Но тут же поняла, что мужу дело портит, а себе не помогает. И замолчала, решив до конца обеда не говорить больше ни слова.
* * *
Как-то вечером после Рождества, сидя перед только что начатой картиной, Филипп спросил Ферету, почему она не купит такой же аквариум с рыбками, как дома.
— Потому что я не дома, — ответила она, — и если бы я осталась здесь навсегда, это было бы равносильно смерти, ведь я здесь чужая. То же самое, имей в виду, можно сказать и о тебе! И Борхес знал это, потому-то и приехал сюда умирать.
— Борхеса здесь нужно было переводить, а наши картины переводить не надо. Наши картины — это pret-a-porter.

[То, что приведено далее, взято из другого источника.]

(* Let $\mu\ge 1$, $x\ge 0$, $y>0$. Then $\dfrac{\partial^2 Q_{\mu}(x,y)}{\partial y^2}>0$ if $y>x+\mu-1$, and $\dfrac{\partial^2 Q_{\mu}(x,y)}{\partial y^2}<0$ if $y<x+\mu-2$. If moreover $\mu\ge 3/2$, then $\dfrac{\partial^2 Q_{\mu}(x,y)}{\partial y^2}<0$ whenever $y<x+\mu-3/2$.
   Context: For real $\mu$, $x>0$, $y\ge 0$, the generalized Marcum $Q$-function is $Q_{\mu}(x,y)=x^{\frac12(1-\mu)}\int_y^{\infty} t^{\frac12(\mu-1)}e^{-t-x}I_{\mu-1}(2\sqrt{xt})\,dt$, where $I_\nu$ is the modified Bessel function of the first kind; at $x=0$ it is defined by continuity, $Q_\mu(0,y)=\Gamma(\mu,y)/\Gamma(\mu)$. *)

theory Defs
  imports "HOL-Analysis.Analysis"
begin

text \<open>Modified Bessel function of the first kind, via its power series
  I_nu(z) = sum_k (z/2)^(2k+nu) / (k! Gamma(k+nu+1)), for z > 0
  (rGamma = 1/Gamma, entire).\<close>
definition besselI :: "real \<Rightarrow> real \<Rightarrow> real" where
  "besselI \<nu> z = (\<Sum>k. (z / 2) powr (2 * real k + \<nu>) * rGamma (real k + \<nu> + 1) / fact k)"

definition upper_Gamma :: "real \<Rightarrow> real \<Rightarrow> real" where
  "upper_Gamma a y = (LBINT t:{y..}. t powr (a - 1) * exp (- t))"
(* Let $D$ be a centrally finite division algebra, let $R=D[t_1,\ldots,t_n]$ be the ring of polynomials in $n$ central commuting variables over $D$, let $A$ be a finite subset of $R$, and let $S=D[A]$ be the subring of $R$ generated by $D\cup A$. Then $S$ is centrally finitely generated over $D$.
   Context: All rings are associative with unity. A division algebra is centrally finite if it is finite-dimensional over its center. A ring $S\supseteq D$ is centrally finitely generated over $D$ if $S$ is isomorphic, compatibly with the inclusion of $D$, to a quotient $D[x_1,\ldots,x_m]/I$ of a polynomial ring in central commuting variables by a two-sided ideal $I$ with $D\cap I=\{0\}$; equivalently, $S$ is generated as a ring by $D$ together with finitely many pairwise commuting elements each commuting with every element of $D$. *)

theory Defs
  imports Main "HOL-Library.Poly_Mapping"
begin

text \<open>Polynomials over a (possibly non-commutative) ring 'a in central commuting
variables indexed by nat: a polynomial is a finitely supported map from monomials
(finitely supported exponent vectors) to coefficients, with the
convolution product of Poly_Mapping (variables commute with everything).\<close>

type_synonym 'a mpoly = "(nat \<Rightarrow>\<^sub>0 nat) \<Rightarrow>\<^sub>0 'a"
(* Let $p\in(1,5)$ and $\lambda>0$. Then $\mathrm{i}\lambda$ is an eigenvalue of $\mathcal{L}=\partial_xL_+$ if and only if $\mathrm{i}\lambda$ is an eigenvalue of $L_+\partial_x$, where $L_+=-\partial_x^2+1-p\,\phi^{p-1}$.
   Context: $\phi(x)=\left(\frac{p+1}{2}\right)^{\frac1{p-1}}\mathrm{sech}^{\frac2{p-1}}\left(\frac{p-1}2x\right)$. Both operators are third-order differential operators acting in $L^2(\mathbb{R})$ with domain $H^3(\mathbb{R})$; an eigenvalue means there is a nonzero eigenfunction in $H^3(\mathbb{R})$. *)

theory Defs
  imports "HOL-Analysis.Analysis"
begin

definition phi :: "real \<Rightarrow> real \<Rightarrow> real" where
  "phi p x = ((p + 1) / 2) powr (1 / (p - 1)) * (1 / cosh ((p - 1) / 2 * x)) powr (2 / (p - 1))"

definition V :: "real \<Rightarrow> real \<Rightarrow> real" where
  "V p x = phi p x powr (p - 1)"

definition V' :: "real \<Rightarrow> real \<Rightarrow> real" where
  "V' p x = deriv (V p) x"

definition square_integrable :: "(real \<Rightarrow> complex) \<Rightarrow> bool" where
  "square_integrable f \<longleftrightarrow> f \<in> borel_measurable lborel \<and> integrable lborel (\<lambda>x. (cmod (f x))\<^sup>2)"
(* The hereditary class property $\Sigma=$ "weakly sparse" — the set of hereditary classes $\mathscr C$ for which there is an integer $t$ such that no graph in $\mathscr C$ contains $K_{t,t}$ as a subgraph — is a decomposition horizon, i.e. $\Sigma^\ast=\Sigma$.
   Context: Graphs are finite and simple; $K_{t,t}$ is the complete bipartite graph with both parts of size $t$. A hereditary class is a class closed under isomorphism and induced subgraphs; a hereditary class property is a set $\Pi$ of hereditary classes closed under passing to hereditary subclasses. For non-decreasing $f:\mathbb N\to\mathbb N$ and positive integer $p$, $\mathscr C$ has an $f$-bounded $\Pi$-decomposition with parameter $p$ if there is $\mathscr D_p\in\Pi$ such that every $G\in\mathscr C$ has a partition $V_1,\dots,V_N$ of $V(G)$ with $N\le f(|G|)$ and $G[V_{i_1}\cup\dots\cup V_{i_p}]\in\mathscr D_p$ for all $i_1,\dots,i_p\in[N]$. $\Pi^\ast$ is the set of hereditary classes that, for every positive integer $p$, have such a decomposition for some non-decreasing $f$ with $f(n)=n^{o(1)}$. $\Pi$ is a decomposition horizon if $\Pi^\ast=\Pi$. *)

theory Defs
  imports Complex_Main
begin

text \<open>Finite simple graphs, represented with vertices drawn from nat
 (every finite graph is isomorphic to such a graph).\<close>

type_synonym graph = "nat set \<times> nat set set"

definition verts :: "graph \<Rightarrow> nat set" where "verts G = fst G"
definition edges :: "graph \<Rightarrow> nat set set" where "edges G = snd G"

definition is_graph :: "graph \<Rightarrow> bool" where
  "is_graph G \<longleftrightarrow> finite (verts G) \<and>
     (\<forall>e\<in>edges G. \<exists>u v. u \<noteq> v \<and> u \<in> verts G \<and> v \<in> verts G \<and> e = {u, v})"

definition induced :: "graph \<Rightarrow> nat set \<Rightarrow> graph" where
  "induced G S = (S \<inter> verts G, {e \<in> edges G. e \<subseteq> S})"

definition isomorphic :: "graph \<Rightarrow> graph \<Rightarrow> bool" where
  "isomorphic G H \<longleftrightarrow> (\<exists>f. bij_betw f (verts G) (verts H) \<and>
     (\<forall>u\<in>verts G. \<forall>v\<in>verts G. {u, v} \<in> edges G \<longleftrightarrow> {f u, f v} \<in> edges H))"

definition hereditary :: "graph set \<Rightarrow> bool" where
  "hereditary C \<longleftrightarrow> (\<forall>G\<in>C. is_graph G) \<and>
     (\<forall>G\<in>C. \<forall>H. is_graph H \<and> isomorphic G H \<longrightarrow> H \<in> C) \<and>
     (\<forall>G\<in>C. \<forall>S. S \<subseteq> verts G \<longrightarrow> induced G S \<in> C)"
(* Let $L$ be an infinite set and consider the edged cube $\bar Q_L$. Let $f$ be a legal configuration accessible from $f_{\mathrm{solved}}$. Then for each pair $\gamma,\gamma'$ of colors and each cluster $C$ consisting of edge cells, other than the corner cluster, there is at most one pair of coupled edge cells $c,c'$ with $c\in C$, $f(c)=\gamma$ and $f(c')=\gamma'$. Similarly, for each triple $\gamma,\gamma',\gamma''$ of colors, there is at most one triple of mutually coupled corner cells whose colors under $f$ are $\gamma,\gamma',\gamma''$.
   Context: Let $L$ be an infinite set, $-L=\{-r:r\in L\}$ a disjoint copy of $L$, and $0$ a new element; $L^\dagger=-L\cup\{0\}\cup L$ with $-(-r)=r$, $-0=0$. Adjoin $\pm\infty$ with $-(+\infty)=-\infty$ and set $\bar L^\dagger=L^\dagger\cup\{\pm\infty\}$. Points of $U=(\bar L^\dagger)^3$ have coordinates $x,y,z$. The edged cube $\bar Q_L$ is the set of cells $(p,i)$ with $p\in U$, $i\in\{x,y,z\}$, $p_i\in\{\pm\infty\}$ ($i$ marks the face of the cell). Cells whose point has exactly two (resp. three) coordinates in $\{\pm\infty\}$ are edge (resp. corner) cells; distinct cells with the same underlying point are coupled (two coupled cells at each edge point, three mutually coupled cells at each corner point). For $i\in\{x,y,z\}$, $\alpha\in\bar L^\dagger$, the quarter-turn twist $T_{i,\alpha}$ is the permutation of cells fixing every cell whose point $p$ has $p_i\ne\alpha$ and acting on the others by the rotation $T_{x,\alpha}(\alpha,y,z)=(\alpha,-z,y)$, $T_{y,\alpha}(x,\alpha,z)=(z,\alpha,-x)$, $T_{z,\alpha}(x,y,\alpha)=(-y,x,\alpha)$, the marked coordinate being carried along by the rotation. Basic twists are $T,T^2,T^3$ for quarter-turn twists $T$. A basic sequence is a sequence $\langle\sigma_\eta:\eta<\theta\rangle$ of basic twists of ordinal length $\theta$. A configuration is a map $f$ from cells to the six colors red, white, green, orange, yellow, blue together with a special value NaC; it is legal if it never takes value NaC. The solved configuration $f_{\mathrm{solved}}$ colors cell $(p,i)$ red, blue, white, orange, green, yellow according as $p_i=+\infty$ with $i=x,y,z$, or $p_i=-\infty$ with $i=x,y,z$. A twist $\sigma$ acts by $(\sigma f)(c)=f(\sigma^{-1}c)$. Applying $\langle\sigma_\eta:\eta<\theta\rangle$ to $f_0$ produces $f_{\eta+1}=\sigma_\eta f_\eta$, and for limit $\lambda\le\theta$, $f_\lambda(c)$ is the eventually constant value of $f_\eta(c)$ ($\eta<\lambda$) if it exists and NaC otherwise; $f_\theta$ is the terminal configuration. $f$ is accessible from $f_0$ if it is the terminal configuration of some basic sequence applied to $f_0$. The cluster of a cell is its orbit under the group generated by all quarter-turn twists; the corner cluster is the set of all corner cells. *)

theory Defs
  imports Main
begin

А когда он потом спросил ее, почему она теперь так мало работает, Ферета ответила ему словами, которые стали решающими для дальнейшего течения их жизни:
— Прошу тебя, не задавай мне вопросов. Особенно о работе. Когда мы с тобой познакомились, ты был для меня, да и не только для меня, настоящим богом живописи. Представь себе, что начинаешь чувствовать, когда божество просит у тебя совета. Ты не умеешь думать ни о чем, кроме живописи. А с меня довольно. Я не считаю, что рождена для искусства. Ты живешь для того, чтобы писать, я же пишу, чтобы жить. Твоя жизнь это не вполне жизнь, твоя жизнь — это живопись. Тебе восемьдесят лет, ты болен, и мы навсегда упустили возможность красиво прожить свой век. А ведь у нас был шанс, и я в свое время тебе об этом говорила, но ты меня не понимал. Теперь уже поздно. Кроме того, должна тебе в этом признаться, я не могу работать в том же помещении, где работаешь ты. Длина наших волн, или их частота, в этой комнате не совпадают, они создают помехи друг для друга. Да и вообще, я не хочу больше писать, я хочу жить. Опять же, моя карьера была бы гораздо успешнее, если бы я не получила известность как жена знаменитого художника. Если бы я не была связана с тобой. Я пришла к выводу, что все, что хорошо для тебя, плохо для меня. Мне всегда нужно поступать наоборот, иначе мне конец. Вот, например, для тебя Швейцария хороша, а для меня нет. Я прикинула и вижу, у меня достаточно денег, чтобы дважды в год ездить отдыхать в Турцию или на Кипр, а остальное время проводить с Геей. Короче говоря, я возвращаюсь домой, причем без тебя.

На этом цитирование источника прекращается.